Mostly from reading. My ideas for characters may be based on personal observation. My ideas for technical and social details sometimes come to me just because I told my brain I needed something and it better get to work. But the basic idea for a story usually jumps into my head when I'm reading.

CIDER (Asimov's, January 1996) is about people who exterminate species as a kind of sport. I got the idea when I read an article in the Economist that described a place in Africa where armed bodyguards on camels accompany free-roving rhinos.

ROMANCE IN LUNAR G (Asimov's, October 95) grew out of a lifelong fascination with Giacomo Casanvoa. I first became interested in Casanova when I read an essay on him as a teenager. I based a character on Casanova in a story called "Chamber Story" (Asimov's, August 1992). Then I realized a Casanova character could get into all kinds of adventures in whatever future worlds I could imagine. He could travel all over the 21st Century Solar System in the same way the real Casanova traveled all over 18th Century Europe. And he had a built in reason for getting into trouble. I've written three other Casanova stories since I wrote ROMANCE IN LUNAR G--  a kind of Casanova quartet.  They all draw, to some extent, on incidents in the real Casanova's life.

RESEARCH PROJECT (Asimov's, January 1995) is about aliens who evolved from forebears who survived by building rather than hunting. The immediate inspiration was a wonderful book about beavers: LILY POND by Hope Ryden.

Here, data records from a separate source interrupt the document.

(* Let $G$ be a digraph on $n$ vertices and let $\mathcal{P}=\{V_{ij}:i,j\in[2]\}$ be a $4$-partition of $V(G)$ with $|V_{12}|=|V_{21}|>0$. Suppose that for every $i\in[2]$ and every proper $i$-pair $\phi^i$ with respect to $\mathcal{P}$, the digraph $\mathcal{J}^i(\mathcal{P},G,\phi^i)$ contains a Hamilton cycle. Then $G$ contains a Hamilton cycle.
   Context: A $4$-partition of $V(G)$ is a family $\{V_{ij}:i,j\in[2]\}$ of pairwise disjoint (possibly empty) sets with union $V(G)$; $V_{i*}=V_{i1}\cup V_{i2}$, $V_{*i}=V_{1i}\cup V_{2i}$. Let $t=|V_{12}|=|V_{21}|$ and treat $[t]=\{1,\dots,t\}$ as a set disjoint from $V(G)$. For $i\in[2]$, a proper $i$-pair with respect to $\mathcal{P}$ is a pair $\phi^i=(\phi_{i*},\phi_{*i})$ of bijections $\phi_{i*}:[t]\cup V_{ii}\to V_{i*}$ and $\phi_{*i}:[t]\cup V_{ii}\to V_{*i}$ with $\phi_{i*}(x)=\phi_{*i}(x)=x$ for all $x\in V_{ii}$. The digraph $\mathcal{J}^i(\mathcal{P},G,\phi^i)$ has vertex set $[t]\cup V_{ii}$, and for $a,b$ in this set, $ab$ is an edge (a loop if $a=b$) iff $\phi_{i*}(a)\phi_{*i}(b)\in E(G)$. A Hamilton cycle is a directed cycle through all vertices (loops play no role). *)

theory Defs
  imports Main
begin

(* A digraph is given by a finite vertex set V and an edge relation E \<subseteq> V \<times> V.
   A 4-partition is a map P with P i j = V_ij for i,j \<in> {1,2}. *)

definition four_partition :: "'a set \<Rightarrow> (nat \<Rightarrow> nat \<Rightarrow> 'a set) \<Rightarrow> bool" where
  "four_partition V P \<longleftrightarrow>
     (\<forall>i\<in>{1,2}. \<forall>j\<in>{1,2}. \<forall>i'\<in>{1,2}. \<forall>j'\<in>{1,2}.
        (i, j) \<noteq> (i', j') \<longrightarrow> P i j \<inter> P i' j' = {}) \<and>
     (\<Union>i\<in>{1,2}. \<Union>j\<in>{1,2}. P i j) = V"

definition row_part :: "(nat \<Rightarrow> nat \<Rightarrow> 'a set) \<Rightarrow> nat \<Rightarrow> 'a set" where
  "row_part P i = P i 1 \<union> P i 2"

definition col_part :: "(nat \<Rightarrow> nat \<Rightarrow> 'a set) \<Rightarrow> nat \<Rightarrow> 'a set" where
  "col_part P i = P 1 i \<union> P 2 i"

(* vertex set [t] \<union> V_ii, with [t] represented by Inr 1..Inr t (disjoint from V(G)) *)
definition J_verts :: "(nat \<Rightarrow> nat \<Rightarrow> 'a set) \<Rightarrow> nat \<Rightarrow> nat \<Rightarrow> ('a + nat) set" where
  "J_verts P t i = Inr ` {1..t} \<union> Inl ` P i i"

definition proper_pair ::
  "(nat \<Rightarrow> nat \<Rightarrow> 'a set) \<Rightarrow> nat \<Rightarrow> nat \<Rightarrow> ('a + nat \<Rightarrow> 'a) \<Rightarrow> ('a + nat \<Rightarrow> 'a) \<Rightarrow> bool" where
  "proper_pair P t i f g \<longleftrightarrow>
     bij_betw f (J_verts P t i) (row_part P i) \<and>
     bij_betw g (J_verts P t i) (col_part P i) \<and>
     (\<forall>x\<in>P i i. f (Inl x) = x \<and> g (Inl x) = x)"

definition J_edges ::
  "(nat \<Rightarrow> nat \<Rightarrow> 'a set) \<Rightarrow> nat \<Rightarrow> nat \<Rightarrow> ('a \<times> 'a) set \<Rightarrow> ('a + nat \<Rightarrow> 'a) \<Rightarrow> ('a + nat \<Rightarrow> 'a)
     \<Rightarrow> (('a + nat) \<times> ('a + nat)) set" where
  "J_edges P t i E f g =
     {(a, b). a \<in> J_verts P t i \<and> b \<in> J_verts P t i \<and> (f a, g b) \<in> E}"

(* Hamilton cycle: cyclic ordering v_0,...,v_{m-1} of all vertices (distinct),
   with edges v_k v_{k+1 mod m}.  For m \<ge> 2 loops are never used. *)
definition hamiltonian :: "'v set \<Rightarrow> ('v \<times> 'v) set \<Rightarrow> bool" where
  "hamiltonian V E \<longleftrightarrow>
     (\<exists>vs. vs \<noteq> [] \<and> distinct vs \<and> set vs = V \<and>
        (\<forall>k<length vs. (vs ! k, vs ! ((k + 1) mod length vs)) \<in> E))"

end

In DRAGON DRILL (Asimov's, October 1994), a detachment from Frederick the Great's army fights a dragon. One snowy weekend, late at night, I was reading Asimov's, and I noticed a lot of the ads touted books that had dragons in them. I also remembered that I had liked a few stories in which fantasy motifs like werewolves and vampires were placed in unusual settings. Where could I place a dragon, says I? Over the years I've developed some familiarity with the 18th Century-- partly from my interest in Baroque music, partly from wargaming with miniature figures, and partly through a general interest in history. So....

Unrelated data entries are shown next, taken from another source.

lemma push_neg: "\<lbrakk>t < 0; - L < t\<rbrakk> \<Longrightarrow> push L t = (L + 3 * t) / 2"
  by (simp add: push_def field_simps)

lemma push_inv_eq_self: "L \<le> \<bar>s\<bar> \<Longrightarrow> push_inv L s = s"
  unfolding push_inv_def by (auto simp: max_def min_def abs_if split: if_splits)

lemma push_inv_upper: "\<lbrakk>L \<le> 2 * s; s < L\<rbrakk> \<Longrightarrow> push_inv L s = 2 * s - L"
  unfolding push_inv_def by (auto simp: max_def min_def)

lemma push_inv_lower: "\<lbrakk>- L < s; 2 * s < L\<rbrakk> \<Longrightarrow> push_inv L s = (2 * s - L) / 3"
  unfolding push_inv_def by (auto simp: max_def min_def field_simps)

lemma push_inv_push [simp]: "push_inv L (push L t) = t"
proof -
  consider "L \<le> \<bar>t\<bar>" | "0 \<le> t" "t < L" | "t < 0" "- L < t" by linarith
  then show ?thesis
  proof cases
    case 1 then show ?thesis by (simp add: push_eq_self_iff[THEN iffD2] push_inv_eq_self)
  next
    case 2 then show ?thesis by (simp add: push_nonneg push_inv_upper field_simps)
  next
    case 3 then show ?thesis by (simp add: push_neg push_inv_lower field_simps)
  qed
qed

lemma push_push_inv [simp]: "push L (push_inv L s) = s"
proof -
  consider "L \<le> \<bar>s\<bar>" | "L \<le> 2 * s" "s < L" | "- L < s" "2 * s < L" by linarith
  then show ?thesis
  proof cases
    case 1 then show ?thesis by (simp add: push_eq_self_iff[THEN iffD2] push_inv_eq_self)
  next
    case 2 then show ?thesis by (simp add: push_nonneg push_inv_upper field_simps)
  next
    case 3 then show ?thesis by (simp add: push_neg push_inv_lower field_simps)
  qed
qed

text \<open>The chord of the \<open>r\<close>-ball through \<open>x\<close> parallel to the \<open>0\<close>-th axis consists of the
  points with \<open>0\<close>-th coordinate in \<open>[-half_chord n r x, half_chord n r x]\<close>.\<close>

definition half_chord :: "nat \<Rightarrow> real \<Rightarrow> (nat \<Rightarrow> real) \<Rightarrow> real" where
  "half_chord n r x = sqrt (max 0 (r\<^sup>2 - (\<Sum>i\<in>{1..<n}. (x i)\<^sup>2)))"

definition ball_push :: "nat \<Rightarrow> real \<Rightarrow> (nat \<Rightarrow> real) \<Rightarrow> nat \<Rightarrow> real" where
  "ball_push n r x = x(0 := push (half_chord n r x) (x 0))"

definition ball_push_inv :: "nat \<Rightarrow> real \<Rightarrow> (nat \<Rightarrow> real) \<Rightarrow> nat \<Rightarrow> real" where
  "ball_push_inv n r x = x(0 := push_inv (half_chord n r x) (x 0))"

lemma half_chord_update0 [simp]: "half_chord n r (x(0 := v)) = half_chord n r x"
proof -
  have "(\<Sum>i\<in>{1..<n}. ((x(0 := v)) i)\<^sup>2) = (\<Sum>i\<in>{1..<n}. (x i)\<^sup>2)"
    by (rule sum.cong) auto
  then show ?thesis by (simp add: half_chord_def)
qed

lemma ball_push_inv_push [simp]: "ball_push_inv n r (ball_push n r x) = x"
  by (simp add: ball_push_def ball_push_inv_def)

lemma ball_push_push_inv [simp]: "ball_push n r (ball_push_inv n r x) = x"
  by (simp add: ball_push_def ball_push_inv_def)

lemma abs_less_half_chord_iff:
  assumes "1 \<le> n" shows "\<bar>x 0\<bar> < half_chord n r x \<longleftrightarrow> sqnorm n x < r\<^sup>2"
proof -
  have "\<bar>x 0\<bar> < half_chord n r x \<longleftrightarrow> (x 0)\<^sup>2 < max 0 (r\<^sup>2 - (\<Sum>i\<in>{1..<n}. (x i)\<^sup>2))"
    by (metis half_chord_def real_sqrt_abs real_sqrt_less_iff)
  also have "\<dots> \<longleftrightarrow> (x 0)\<^sup>2 + (\<Sum>i\<in>{1..<n}. (x i)\<^sup>2) < r\<^sup>2"
    using zero_le_power2[of "x 0"] by (auto simp: less_max_iff_disj)
  also have "\<dots> \<longleftrightarrow> sqnorm n x < r\<^sup>2"
    by (simp add: sqnorm_split0[OF assms])
  finally show ?thesis .
qed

LEGACIES (Asimov's, January 1992) grew out of my interest in military families and military childhoods. I grew up in a naval family, so it's based, to a large extent, on personal observation and experience, and some conversations with other ex-brats. Like a lot of ex-brats, I didn't realize there was anything special about military childhoods until I was in my thirties, in the 1970's. My ideas on the subject didn't really crystalize, however, until 1980, when I saw the movie version of THE GREAT SANTINI and read Pat Conroy's novel. The story was also influenced by several books written by ex-brats: John Master's BUGLES AND A TIGER, William Jay Smith's ARMY BRAT, and a little book of tape recorded interviews called BRATS, by Mary Truscott. It would have been influenced by Mary Wertsch's MILITARY BRATS, but I avoided reading that until after I finished the story. MILITARY BRATS is a long, very powerful book, and I wanted to base LEGACIES on the attitudes I had developed on my own.  I've written two other stories on the military brat theme.  SERGEANT MOTHER GLORY (Asimov's, Oct-Nov 2000) continues the story begun in LEGACIES.  CIVILIANS (Asimov's, Aug 2001) is about military brats as half-breeds.

You also need to know what a story is, of course. Then when an idea jumps into your head, you can see that it can be developed into a story.

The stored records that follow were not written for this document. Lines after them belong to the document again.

lemma sum_count_eq_size:
  fixes e :: "nat multiset"
  assumes "set_mset e \<subseteq> {..<n}"
  shows "(\<Sum>i<n. count e i) = size e"
proof -
  have "size e = sum (count e) (set_mset e)" by (rule size_multiset_overloaded_eq)
  also have "\<dots> = (\<Sum>i<n. count e i)"
    using assms by (intro sum.mono_neutral_left) (auto simp: count_eq_zero_iff)
  finally show ?thesis by simp
qed

lemma polyfun_monomial_fun:
  assumes "e \<in> multisets_of_size {..<n} k"
  shows "polyfun k (monomial_fun n e)"
proof -
  have "polyfun (\<Sum>i<n. count e i * 1) (\<lambda>v. \<Prod>i<n. int (v i) ^ count e i)"
    by (rule polyfun_prod) (use polyfun_power[OF polyfun_coord] in auto)
  moreover have "(\<Sum>i<n. count e i * 1) = k"
    using assms sum_count_eq_size[of e n] by (simp add: multisets_of_size_def)
  ultimately show ?thesis unfolding monomial_fun_def[abs_def] by simp
qed

lemma polyfun_hom_form: "polyfun k (hom_form n k c)"
  unfolding hom_form_def[abs_def]
  by (rule polyfun_sum) (auto intro: polyfun_smult polyfun_monomial_fun)

lemma monomial_fun_scale:
  assumes "set_mset e \<subseteq> {..<n}"
  shows "monomial_fun n e (\<lambda>i. l * v i) = int l ^ size e * monomial_fun n e v"
proof -
  have "monomial_fun n e (\<lambda>i. l * v i) = (\<Prod>i<n. int l ^ count e i) * monomial_fun n e v"
    unfolding monomial_fun_def by (simp add: power_mult_distrib prod.distrib)
  also have "(\<Prod>i<n. int l ^ count e i) = int l ^ size e"
    using sum_count_eq_size[OF assms] by (simp add: power_sum[symmetric])
  finally show ?thesis .
qed

lemma hom_form_scale: "hom_form n k c (\<lambda>i. l * v i) = int l ^ k * hom_form n k c v"
  unfolding hom_form_def sum_distrib_left
  by (intro sum.cong refl) (auto simp: monomial_fun_scale multisets_of_size_def)

lemma size_eq_imp_count_less:
  fixes e e' :: "'a multiset"
  assumes "size e = size e'" "e \<noteq> e'"
  shows "\<exists>i. count e i < count e' i"
proof (rule ccontr)
  assume "\<not> ?thesis"
  then have "e' \<subseteq># e" by (simp add: subseteq_mset_def not_less)
  then have "e' \<subset># e" using assms(2) by (simp add: subset_mset.le_neq_trans)
  then show False using mset_subset_size assms(1) by fastforce
qed

lemma sum_vecs_hom_form_mult_monomial:
  "(\<Sum>y\<in>vecs p n. hom_form n k c y * (\<Prod>i<n. int (y i) ^ a i)) =
     (\<Sum>e\<in>multisets_of_size {..<n} k. c e * (\<Prod>i<n. \<Sum>t<p. int t ^ (count e i + a i)))"
proof -
  have "(\<Sum>y\<in>vecs p n. monomial_fun n e y * (\<Prod>i<n. int (y i) ^ a i)) =
      (\<Prod>i<n. \<Sum>t<p. int t ^ (count e i + a i))" for e
    using sum_vecs_prod[of "\<lambda>i t. int t ^ (count e i + a i)" n p]
    unfolding monomial_fun_def by (simp add: power_add prod.distrib[symmetric])
  then show ?thesis
    unfolding hom_form_def sum_distrib_right
    by (subst sum.swap) (simp add: mult.assoc flip: sum_distrib_left)
qed

text \<open>Weighting by the monomial with exponents p - 1 - count e0 i and summing over the grid
  kills every monomial except e0: the power sum of exponent j over {..<p} is divisible by p for
  j < p - 1 but not for j = p - 1.\<close>

lemma hom_form_nonvanishing:
  assumes p: "prime p" and k: "k \<le> p - 1"
    and e0: "e0 \<in> multisets_of_size {..<n} k" and c0: "\<not> int p dvd c e0"
  shows "\<exists>y\<in>vecs p n. \<not> int p dvd hom_form n k c y"
proof (rule ccontr)
  assume "\<not> ?thesis"
  then have vanish: "\<forall>y\<in>vecs p n. int p dvd hom_form n k c y" by blast
  define M where "M = multisets_of_size {..<n} k"
  define a where "a i = p - 1 - count e0 i" for i
  define PS where "PS j = (\<Sum>t<p. int t ^ j)" for j
  define T where "T e = c e * (\<Prod>i<n. PS (count e i + a i))" for e
  have pr: "prime (int p)" using p by simp
  have count_e0: "count e0 i \<le> p - 1" for i
    using count_le_size[of e0 i] e0 k by (simp add: multisets_of_size_def)
  have "int p dvd (\<Sum>y\<in>vecs p n. hom_form n k c y * (\<Prod>i<n. int (y i) ^ a i))"
    using vanish by (intro dvd_sum) auto
  also have "(\<Sum>y\<in>vecs p n. hom_form n k c y * (\<Prod>i<n. int (y i) ^ a i)) = (\<Sum>e\<in>M. T e)"
    unfolding sum_vecs_hom_form_mult_monomial M_def T_def PS_def ..
  also have "\<dots> = T e0 + (\<Sum>e\<in>M - {e0}. T e)"
    using e0 unfolding M_def by (simp add: sum.remove finite_multisets_of_size)
  finally have "int p dvd T e0 + (\<Sum>e\<in>M - {e0}. T e)" .
  moreover have "int p dvd (\<Sum>e\<in>M - {e0}. T e)"
  proof (intro dvd_sum)
    fix e assume e: "e \<in> M - {e0}"
    then obtain i where i: "count e i < count e0 i"
      using size_eq_imp_count_less[of e e0] e0 unfolding M_def multisets_of_size_def by auto
    then have "i \<in># e0" using count_greater_zero_iff[of e0 i] by linarith
    then have "i < n" using e0 by (auto simp: multisets_of_size_def)
    have "int p dvd PS (count e i + a i)"
      unfolding PS_def a_def using prime_dvd_power_sum[OF p] i count_e0[of i] by simp
    then have "int p dvd (\<Prod>i<n. PS (count e i + a i))"
      using \<open>i < n\<close> by (metis dvd_prodI finite_lessThan lessThan_iff dvd_trans)
    then show "int p dvd T e" unfolding T_def by simp
  qed
  moreover have "\<not> int p dvd T e0"
  proof -
    have "count e0 i + a i = p - 1" for i using count_e0[of i] unfolding a_def by simp
    then have "\<not> int p dvd (\<Prod>i<n. PS (count e0 i + a i))"
      using prime_not_dvd_power_sum_pred[OF p] by (auto simp: PS_def dest: prime_dvd_power[OF pr])
    then show ?thesis using c0 pr unfolding T_def by (simp add: prime_dvd_mult_iff)
  qed
  ultimately show False by (simp add: dvd_add_left_iff)
qed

I find this subject fascinating. I can tell you how I got the idea for almost every story I've written. Most people, oddly enough, seem to feel I'm giving them a very dull, boring answer to their question. I've been told this is because people want to be told that the true answer is either something magical or a simple formula they can apply without effort.

[I posted this when I first set up my website over fifteen years ago.  You'll find longer discussions of many of these stories in my literary memoir.  But I decided I would leave this page as is, for those who are looking for something briefer.]